One year when I was working in Los Angeles, on the week leading up to the USC-UCLA rivalry game, some Bruins and Trojans supporters were yapping at each other. On Friday before the big game there was an informal all-hands divisional meeting. As the head of the division was addressing the troops he posed a question. “How many people here attended USC,” he asked. A handful of people raised their hands. “How many people went to UCLA,” he followed. Again a handful of people put their hands up. Finally, he said, “How many people went to neither school and would like them to just shut the hell up about it?” Every other hand shot up.

So, how many people out there are sick of hearing about the storied rivalry between the New York Yankees and Boston Red Sox? I’m certain there are more hands up than I could possibly count.

It’s not that I don’t understand the history behind it – the Curse of the Babe and all of that. I get it. I’m just sick of hearing about it. I’m not going to suddenly become a fan of one of the two teams just because every member of the sports media is going to do five different stories on what the rivalry means to baseball. Here’s what it means to most people: every obnoxious Boston and New York fan across the country is going to annoy everyone around them for the next two weeks.

I split my childhood between Philadelphia and Michigan, meaning I have the privilege of being both a Phillies and Tigers fan. Sure both teams have won a World Series since the last time the Red Sox did, but that isn’t really a cure-all. The Phillies and Tigers have also fielded some of the worst teams of the last fifty years and no one goes out of their way to romanticize any of it.
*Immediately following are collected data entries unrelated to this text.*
lemma coll_Q_invertible:
  assumes "0 < M" and mono: "strict_mono_on {..<M} \<tau>" and pos: "0 < \<tau> 0"
  shows "invertible_mat (coll_Q \<tau> M)"
proof (rule invertible_mat_if_kernel_trivial)
  show Q: "coll_Q \<tau> M \<in> carrier_mat M M" unfolding coll_Q_def by simp
  have inj: "inj_on \<tau> {..<M}" using mono by (rule strict_mono_on_imp_inj_on)
  have nodes_pos: "0 < \<tau> m" if "m < M" for m
    using mono pos that by (cases m) (auto simp: strict_mono_on_def intro: order.strict_trans)
  fix x :: "real vec" assume x: "x \<in> carrier_vec M" and Qx: "coll_Q \<tau> M *\<^sub>v x = 0\<^sub>v M"
  define p where "p = (\<Sum>j<M. Polynomial.smult (x $ j) (lagrange_poly \<tau> M j))"
  obtain P where P: "pderiv P = p" "poly P 0 = 0" "degree P \<le> degree p + 1"
    using poly_antiderivative_exists by blast
  have "poly P (\<tau> m) = 0" if m: "m < M" for m
  proof -
    have "poly P (\<tau> m) = integral {0..\<tau> m} (poly p)"
      using integral_poly_pderiv[OF P(1), of 0 "\<tau> m"] nodes_pos[OF m] P(2) by simp
    also have "\<dots> = (\<Sum>j<M. integral {0..\<tau> m} (lagrange_basis \<tau> M j) * x $ j)"
    proof -
      have "(\<lambda>t. x $ j * poly (lagrange_poly \<tau> M j) t) integrable_on {0..\<tau> m}" for j
        by (intro integrable_continuous_interval continuous_intros)
      then show ?thesis
        unfolding p_def poly_sum poly_smult poly_lagrange_poly[symmetric]
        by (subst integral_sum) (auto simp: mult.commute)
    qed
    also have "\<dots> = (\<Sum>j<M. coll_Q \<tau> M $$ (m, j) * x $ j)"
      using m by (intro sum.cong) (simp_all add: coll_Q_def)
    also have "\<dots> = (coll_Q \<tau> M *\<^sub>v x) $ m"
      using row_scalar_prod_sum[OF Q x m] Q m by simp
    finally show ?thesis using Qx m by simp
  qed
  moreover have "degree p \<le> M - 1"
    unfolding p_def using degree_lagrange_poly
    by (intro degree_sum_le order.trans[OF degree_smult_le]) auto
  moreover have "card (insert 0 (\<tau> ` {..<M})) = M + 1"
  proof -
    have "0 \<notin> \<tau> ` {..<M}" using nodes_pos by force
    then show ?thesis using card_image[OF inj] by simp
  qed
  ultimately have "P = 0"
    using P(2,3) \<open>0 < M\<close> by (intro poly_eqI_degree[of "insert 0 (\<tau> ` {..<M})"]) auto
  then have p: "p = 0" using P(1) by simp
  show "x = 0\<^sub>v M"
  proof (rule eq_vecI)
    fix k assume "k < dim_vec (0\<^sub>v M :: real vec)"
    then have k: "k < M" by simp
    have "x $ k = (\<Sum>j<M. x $ j * (if j = k then 1 else 0))"
      using k by (simp add: if_distrib cong: if_cong)
    also have "\<dots> = poly p (\<tau> k)"
      unfolding p_def poly_sum poly_smult poly_lagrange_poly
      using lagrange_basis_node[OF inj _ k] by (intro sum.cong) auto
    finally show "x $ k = 0\<^sub>v M $ k" using k p by simp
  qed (use x in simp)
qed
Both teams have featured Hall of Fame players that still frequently get mentioned as afterthoughts in any “Greatest Ever” discussions (Al Kaline for the Tigers, Mike Schmidt and Steve Carlton for the Phillies). Besides Pete Rose, who’s always thought of as a Red, the most famous former Phillie currently might be John Kruk. The Tigers don’t even have anyone that glamorous.

Meanwhile, the Yankees get guys in the Hall that hit .273 for their careers with 38 home runs (Phil Rizzuto, hello!). Current Yankees shortstop Derek Jeter has had one outstanding season and some other very good years, but is treated like the greatest player since sliced bread. Yankees owner George Steinbrenner has spent enough money since he bought the team to finally go from a disgraced buffoon to a national icon that does goofy commercials. The team has a freaking museum in their outfield for God’s sake.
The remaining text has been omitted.